Talenta

0
71

Oleh : AP

Pembacaan Matius 25
Matius 25:14 (AYT) “Sebab, Kerajaan Surga sama seperti seseorang yang akan pergi ke luar negeri, yang memanggil hamba-hambanya dan mempercayakan miliknya kepada mereka.

Perenungan
Seorang Tuan memercayakan yang/hartanta ber talenta-talenta kepada hamba-hambaNya.
Satu talenta = 6000 dinar = 6000 gaji harian….bila yang dimaksud adalah talenta emas maka nilainya 1 talenta emas = 42.5 kg x 1jt =42.5 M rupiah.

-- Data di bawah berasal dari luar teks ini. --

(* There is a Borel function $f:(\omega^\omega)^3\to\omega^\omega$ which has no superperfect free subset.
   Context: A tree $T\subseteq\omega^{<\omega}$ is superperfect if for every $\sigma\in T$ there is $\tau\supseteq\sigma$ in $T$ such that $\tau^\frown\langle n\rangle\in T$ for infinitely many $n$; a superperfect set is a set of the form $[T]$ (the infinite branches of $T$) for a superperfect tree $T$. A set $A\subseteq\omega^\omega$ is free for $f:(\omega^\omega)^3\to\omega^\omega$ if for all $(a_0,a_1,a_2)\in A^3$, $f(a_0,a_1,a_2)\in\{a_0,a_1,a_2\}\cup(\omega^\omega\setminus A)$. *)

theory Defs
  imports "HOL-Analysis.Analysis" "HOL-Library.Sublist"
begin

text \<open>Baire space is \<open>nat \<Rightarrow> nat\<close> with the product topology of discrete \<open>nat\<close>
  (library instance of \<open>topological_space\<close> on function types);
  \<open>\<omega>\<^sup><\<^sup>\<omega>\<close> is \<open>nat list\<close>, and extension of finite sequences is \<open>prefix\<close>.\<close>

definition is_tree :: "nat list set \<Rightarrow> bool" where
  "is_tree T \<longleftrightarrow> T \<noteq> {} \<and> (\<forall>\<sigma>\<in>T. \<forall>\<rho>. prefix \<rho> \<sigma> \<longrightarrow> \<rho> \<in> T)"

definition superperfect_tree :: "nat list set \<Rightarrow> bool" where
  "superperfect_tree T \<longleftrightarrow> is_tree T \<and>
     (\<forall>\<sigma>\<in>T. \<exists>\<tau>\<in>T. prefix \<sigma> \<tau> \<and> infinite {n. \<tau> @ [n] \<in> T})"

definition branches :: "nat list set \<Rightarrow> (nat \<Rightarrow> nat) set" where
  "branches T = {x. \<forall>n. map x [0..<n] \<in> T}"

definition superperfect_set :: "(nat \<Rightarrow> nat) set \<Rightarrow> bool" where
  "superperfect_set A \<longleftrightarrow> (\<exists>T. superperfect_tree T \<and> A = branches T)"

definition free_for :: "(nat \<Rightarrow> nat) set \<Rightarrow>
    ((nat \<Rightarrow> nat) \<times> (nat \<Rightarrow> nat) \<times> (nat \<Rightarrow> nat) \<Rightarrow> (nat \<Rightarrow> nat)) \<Rightarrow> bool" where
  "free_for A f \<longleftrightarrow> (\<forall>a0\<in>A. \<forall>a1\<in>A. \<forall>a2\<in>A.
      f (a0, a1, a2) \<in> {a0, a1, a2} \<union> (UNIV - A))"

end

theory Submission
  imports Defs
begin

text \<open>Let \<open>T\<close> be a superperfect tree and \<open>a\<close> a branch of \<open>T\<close>. We build three further
  branches \<open>x\<close>, \<open>y\<close>, \<open>z\<close> of \<open>T\<close>, all different from \<open>a\<close>, from which a fixed Borel decoder
  recovers \<open>a\<close>; so \<open>[T]\<close> is not free for the decoder. The branches grow in rounds: in each
  round \<open>x\<close>, \<open>y\<close> and \<open>z\<close> in turn pass a splitting node of \<open>T\<close> and take there a value
  larger than every value used so far, \<open>x\<close> first and then \<open>y\<close> and \<open>z\<close> in an order that
  encodes one bit of the graph of \<open>a\<close> (the later of the two gets the larger value). The
  decoder finds these positions without knowing \<open>T\<close>: the next choice of \<open>x\<close> is the first
  later position where \<open>x\<close> exceeds the last values chosen for \<open>y\<close> and \<open>z\<close>, and the next
  choices of \<open>y\<close> and \<open>z\<close> are the first later positions where they exceed that value of \<open>x\<close>.\<close>

type_synonym baire = "nat \<Rightarrow> nat"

Yang pasti ada beberapa kesimpulan yang bisa diambil dari hal ini:

  1. Hamba-hamba yang dipercayakan 1,2,5 talenta adalah hamba-hamba pilihan yang dipercayakan harta sang Tuan.
    Seorang Tuan tidak akan begitu saja memercayakan harta miliknya ke sembarang orang…kemungkinan besar hamba-hamba ini adalah orang-orang pilihan.
    Orang Israel dipilih dan dipercayakan hukum-hukum Tuhan sebagai contoh bagi bangsa-bangsa lain.
    Orang percaya dipilih sebagai saksi Kristus yang dipercayakan untuk memperluas Kerajaan Sorga.
  2. Nilai yang dipercayakan sang Tuan adalah besar.
    Sang Tuan tidak memercayakan dinar-dinarnya tetapi Ia memercayakan talenta-talenta.
    Suatu kepercayaan besar yang diberikan….ini sebenarnya adalah suatu anugerah dan kehormatan buat hamba-hambaNya.
  3. Jumlah talenta yang dipercayakan disesuaikan dengan kemampuan masing-masing hamba.
    Sang Tuan tidak pernah menuntut hasil melebihi kemampuan hamba-hambaNya…ada yang dipercayakan lebih banyak dan ada yang dipercayakan lebih sedikit.
    Dan Sang Tuan tidak pernah menargetkan hasil tapi menekankan usaha para hambaNya agar talenta itu bertambah lebih banyak.
  4. Talenta berarti lebih banyak dari hanya sekedar harta.
    Telenta bisa berarti uang, tugas yang dipercayakan, kemampuan, kepandaian, skill, apapun yang Tuhan sudah berikan kepada manusia yang ia miliki yang unik yang berbeda dengan orang lain.

Penerapan
Allah Bapa memercayakan sesuatu kepada semua orang percaya baik orang Yahudi atau non Yahudi sebagai hamba-hambaNya yang sudah dipercayakan melakukan sesuatu yang menghasilkan dalam hidupnya sehingga apa saja yang sudah dipercayakan Tuhan baik harta maupun kepandaian, keunikan seorang hamba visa memberikan nilai lebih bagi Kerajaan Allah.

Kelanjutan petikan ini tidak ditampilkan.